Sunday, November 04, 2007

The Ter-Petrosian Campaign

Levon Ter-Petrosian, post-Soviet Armenia's first president, is up against the levers of power he once controlled as he seeks to make a comeback:
"Public television has already begun to broadcast negative coverage of Ter-Petrosian. A Sunday evening programme called 360 Degrees took viewers back to the former president’s time in office, when the country was undergoing an acute economic crisis. For 22 minutes, the program showed gloomy black-and-white footage of those times, reminding viewers of a series of political murders that had been committed. The blood shown on the screen was made more vividly red for effect.

"Several television reports about the October 26 rally showed pictures of Freedom Square half-empty, apparently using footage of scenes shot before the demonstration started.

"The organisers of the rally told IWPR that almost all television channels had refused to air a video announcement about the forthcoming event, even though it had been sanctioned by the authorities...

"The authorities also responded with heavy-handed tactics to a march held by Ter-Petrosian supporter on October 23 to publicise the rally. Demonstrators clashed with police on one of Yerevan’s central streets, and several marchers and four policemen were injured. The marchers said later that the policemen had demanded that they stop handing out leaflets and surrender their megaphone."
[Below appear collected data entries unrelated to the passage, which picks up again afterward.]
lemma red_in_perms:
  assumes "distinct xs"
  shows "red xs \<in> perms (length xs)"
proof -
  have "inj_on (\<lambda>x. card {y \<in> set xs. y \<le> x}) (set xs)"
  proof (rule inj_onI)
    fix x y assume "x \<in> set xs" "y \<in> set xs" "card {z \<in> set xs. z \<le> x} = card {z \<in> set xs. z \<le> y}"
    then show "x = y" using card_le_less_iff[of "set xs"] by (metis finite_set linorder_neqE_nat less_irrefl)
  qed
  with assms have "distinct (red xs)" by (simp add: red_def distinct_map)
  have "set (red xs) \<subseteq> {1..length xs}"
  proof
    fix k assume "k \<in> set (red xs)"
    then obtain x where x: "x \<in> set xs" "k = card {y \<in> set xs. y \<le> x}" by (auto simp: red_def)
    then have "1 \<le> k" by (auto simp: Suc_le_eq card_gt_0_iff)
    moreover have "k \<le> card (set xs)" unfolding x by (rule card_mono) auto
    ultimately show "k \<in> {1..length xs}" using card_length[of xs] by simp
  qed
  moreover have "card (set (red xs)) = card {1..length xs}"
    using distinct_card[OF \<open>distinct (red xs)\<close>] by (simp add: red_def)
  ultimately have "set (red xs) = {1..length xs}" by (simp add: card_subset_eq)
  with \<open>distinct (red xs)\<close> show ?thesis by (simp add: perms_def red_def)
qed

lemma ex_perm_covers:
  assumes "Diamond \<notin> set f" "int_distinct f"
  shows "\<exists>p \<in> perms (length f). covers f p"
proof
  define xs where "xs = map the f"
  have f: "f = map Some xs" using assms(1) unfolding xs_def by (induction f) auto
  show "red xs \<in> perms (length f)"
    using red_in_perms assms(2) unfolding f int_distinct_map_Some by simp
  show "covers f (red xs)"
    unfolding covers_iff
  proof (intro conjI allI impI)
    show "length f = length (red xs)" "int_distinct f" using assms(2) by (simp_all add: f red_def)
    fix i j a b
    assume "i < length f" "j < length f" "f ! i = Some a" "f ! j = Some b"
    then show "a < b \<longleftrightarrow> red xs ! i < red xs ! j" by (simp add: f red_nth_less_iff)
  qed
qed

lemma length_factor: "i + n \<le> length u \<Longrightarrow> length (factor u n i) = n"
  by (simp add: factor_def)

lemma factor_0 [simp]: "factor u 0 i = []"
  by (simp add: factor_def)

lemma take_factor: "m \<le> n \<Longrightarrow> take m (factor u n i) = factor u m i"
  by (simp add: factor_def min_absorb1)

lemma factor_Suc: "Suc i \<le> length u \<Longrightarrow> factor u (Suc n) i = u ! i # factor u n (Suc i)"
  unfolding factor_def by (subst Cons_nth_drop_Suc[symmetric]) simp_all
(* Let $0<\varepsilon\le1$. The series $\sum_{j=1}^\infty\frac{\phi_j(x)\phi_j(y)}{\lambda_j^2}$ converges uniformly for $(x,y)\in[0,1]^2\setminus(0,\varepsilon)^2$. For all $0\le x,y\le1$ this series is absolutely convergent, and $$\sum_{j=1}^\infty\frac{\phi_j(x)\phi_j(y)}{\lambda_j^2}=K_2(x,y).$$
   Context: Let $K:[0,1]\times[0,1]\to\mathbb R$ be defined by $K(x,y)=\frac12-\{(xy)^{-1}\}$ if $0<x,y\le 1$, and $K(x,y)=0$ if $0\le x,y\le1$ and $xy=0$, where $\{\alpha\}=\alpha-\lfloor\alpha\rfloor$. Define $K_2(x,y)=\int_0^1K(x,z)K(z,y)\,dz$ for $0\le x,y\le1$. Let $L^2([0,1])$ denote the space of real-valued Lebesgue measurable square-integrable functions on $[0,1]$, with $\langle f,g\rangle=\int_0^1 f(x)g(x)\,dx$ and $\|f\|=\langle f,f\rangle^{1/2}$. A function $\phi$ is an eigenfunction of $K$ (with eigenvalue $\lambda\in\mathbb R$) if $\phi\in L^2([0,1])$, $\|\phi\|>0$, and $\phi(x)=\lambda\int_0^1 K(x,y)\phi(y)\,dy$ for every $x\in[0,1]$. Let $\phi_1,\phi_2,\ldots$ be a maximal orthonormal system in $L^2([0,1])$ of eigenfunctions of $K$, $\phi_j$ having the nonzero real eigenvalue $\lambda_j$, numbered so that $0<|\lambda_1|\le|\lambda_2|\le\cdots$ and $\lambda_j\ge\lambda_{j+1}$ whenever $|\lambda_j|=|\lambda_{j+1}|$. *)

theory Defs
  imports "HOL-Analysis.Analysis"
begin

definition K :: "real \<Rightarrow> real \<Rightarrow> real" where
  "K x y = (if x * y = 0 then 0 else 1/2 - frac (1 / (x * y)))"

abbreviation int01 :: "(real \<Rightarrow> real) \<Rightarrow> real" where
  "int01 f \<equiv> integral\<^sup>L (lebesgue_on {0..1}) f"

definition K2 :: "real \<Rightarrow> real \<Rightarrow> real" where
  "K2 x y = int01 (\<lambda>z. K x z * K z y)"

definition L2_01 :: "(real \<Rightarrow> real) set" where
  "L2_01 = {f. f \<in> borel_measurable (lebesgue_on {0..1})
               \<and> integrable (lebesgue_on {0..1}) (\<lambda>x. (f x)\<^sup>2)}"

definition inner01 :: "(real \<Rightarrow> real) \<Rightarrow> (real \<Rightarrow> real) \<Rightarrow> real" where
  "inner01 f g = int01 (\<lambda>x. f x * g x)"

definition norm01 :: "(real \<Rightarrow> real) \<Rightarrow> real" where
  "norm01 f = sqrt (inner01 f f)"

definition eigenfun :: "(real \<Rightarrow> real) \<Rightarrow> real \<Rightarrow> bool" where
  "eigenfun phi lam \<longleftrightarrow> phi \<in> L2_01 \<and> norm01 phi > 0 \<and>
     (\<forall>x\<in>{0..1}. phi x = lam * int01 (\<lambda>y. K x y * phi y))"

text \<open>phi (indexed from 0, i.e. phi 0 is the paper's phi_1) is a maximal orthonormal
  system of eigenfunctions of K, phi j having the nonzero eigenvalue lam j, ordered as in the paper.\<close>
definition max_eigen_system :: "(nat \<Rightarrow> real \<Rightarrow> real) \<Rightarrow> (nat \<Rightarrow> real) \<Rightarrow> bool" where
  "max_eigen_system phi lam \<longleftrightarrow>
     (\<forall>j. eigenfun (phi j) (lam j) \<and> lam j \<noteq> 0) \<and>
     (\<forall>i j. inner01 (phi i) (phi j) = (if i = j then 1 else 0)) \<and>
     (\<forall>psi mu. eigenfun psi mu \<and> mu \<noteq> 0 \<longrightarrow> \<not> (\<forall>j. inner01 psi (phi j) = 0)) \<and>
     0 < \<bar>lam 0\<bar> \<and>
     (\<forall>j. \<bar>lam j\<bar> \<le> \<bar>lam (Suc j)\<bar>) \<and>
     (\<forall>j. \<bar>lam j\<bar> = \<bar>lam (Suc j)\<bar> \<longrightarrow> lam j \<ge> lam (Suc j))"

end

(*
  The eigenfunctions give the Fourier coefficients of the rows of the kernel:
  <K(x,.), phi j> = phi j x / lam j.  Hence the n-th partial sum of the series equals
  K2 x y - <K_tail n x, K_tail n y>, where K_tail n x = K(x,.) - sum_{j<n} phi j x * phi j / lam j,
  and by Cauchy-Schwarz everything reduces to ||K_tail n x|| -> 0, uniformly for x in [eps, 1].

  The integral operator Kop_tail n with kernel K_tail n is self-adjoint and compact: it maps
  bounded sets to uniformly bounded sets that are equicontinuous away from 0, because
  x |-> K(x,.) is continuous into L^2 for x > 0.  An eigenfunction of Kop_tail n is an
  eigenfunction of K orthogonal to phi 0, ..., phi (n - 1), so maximality of the system yields
  ||Kop_tail n|| <= 1 / |lam n|, which tends to 0 because sum_j 1 / lam j ^ 2 <= 1/4 (Bessel's
  inequality for K(x,.), integrated over x).  Finally ||K_tail n y||^2 = Kop_tail n (K_tail n y) y
  is the value at y of a function that is small in L^2 and has a modulus of continuity
  independent of n, hence it is small.
*)

theory Submission
  imports Defs "HOL-Library.Diagonal_Subsequence"
begin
Armenian politics is characterized by corrupt competition rather than strongman dictatorship, and the main players are the businessmen, most of whom probably stay legal primarily because they're the ones helping write the laws. I'm far from being deep enough into the weeds of it all to understand whether that directly relates to Nagorno-Karabakh. Ter-Petrosian's support for a peace agreement with Azerbaijan over the conflict was the proximate cause of his 1998 ouster by his own government.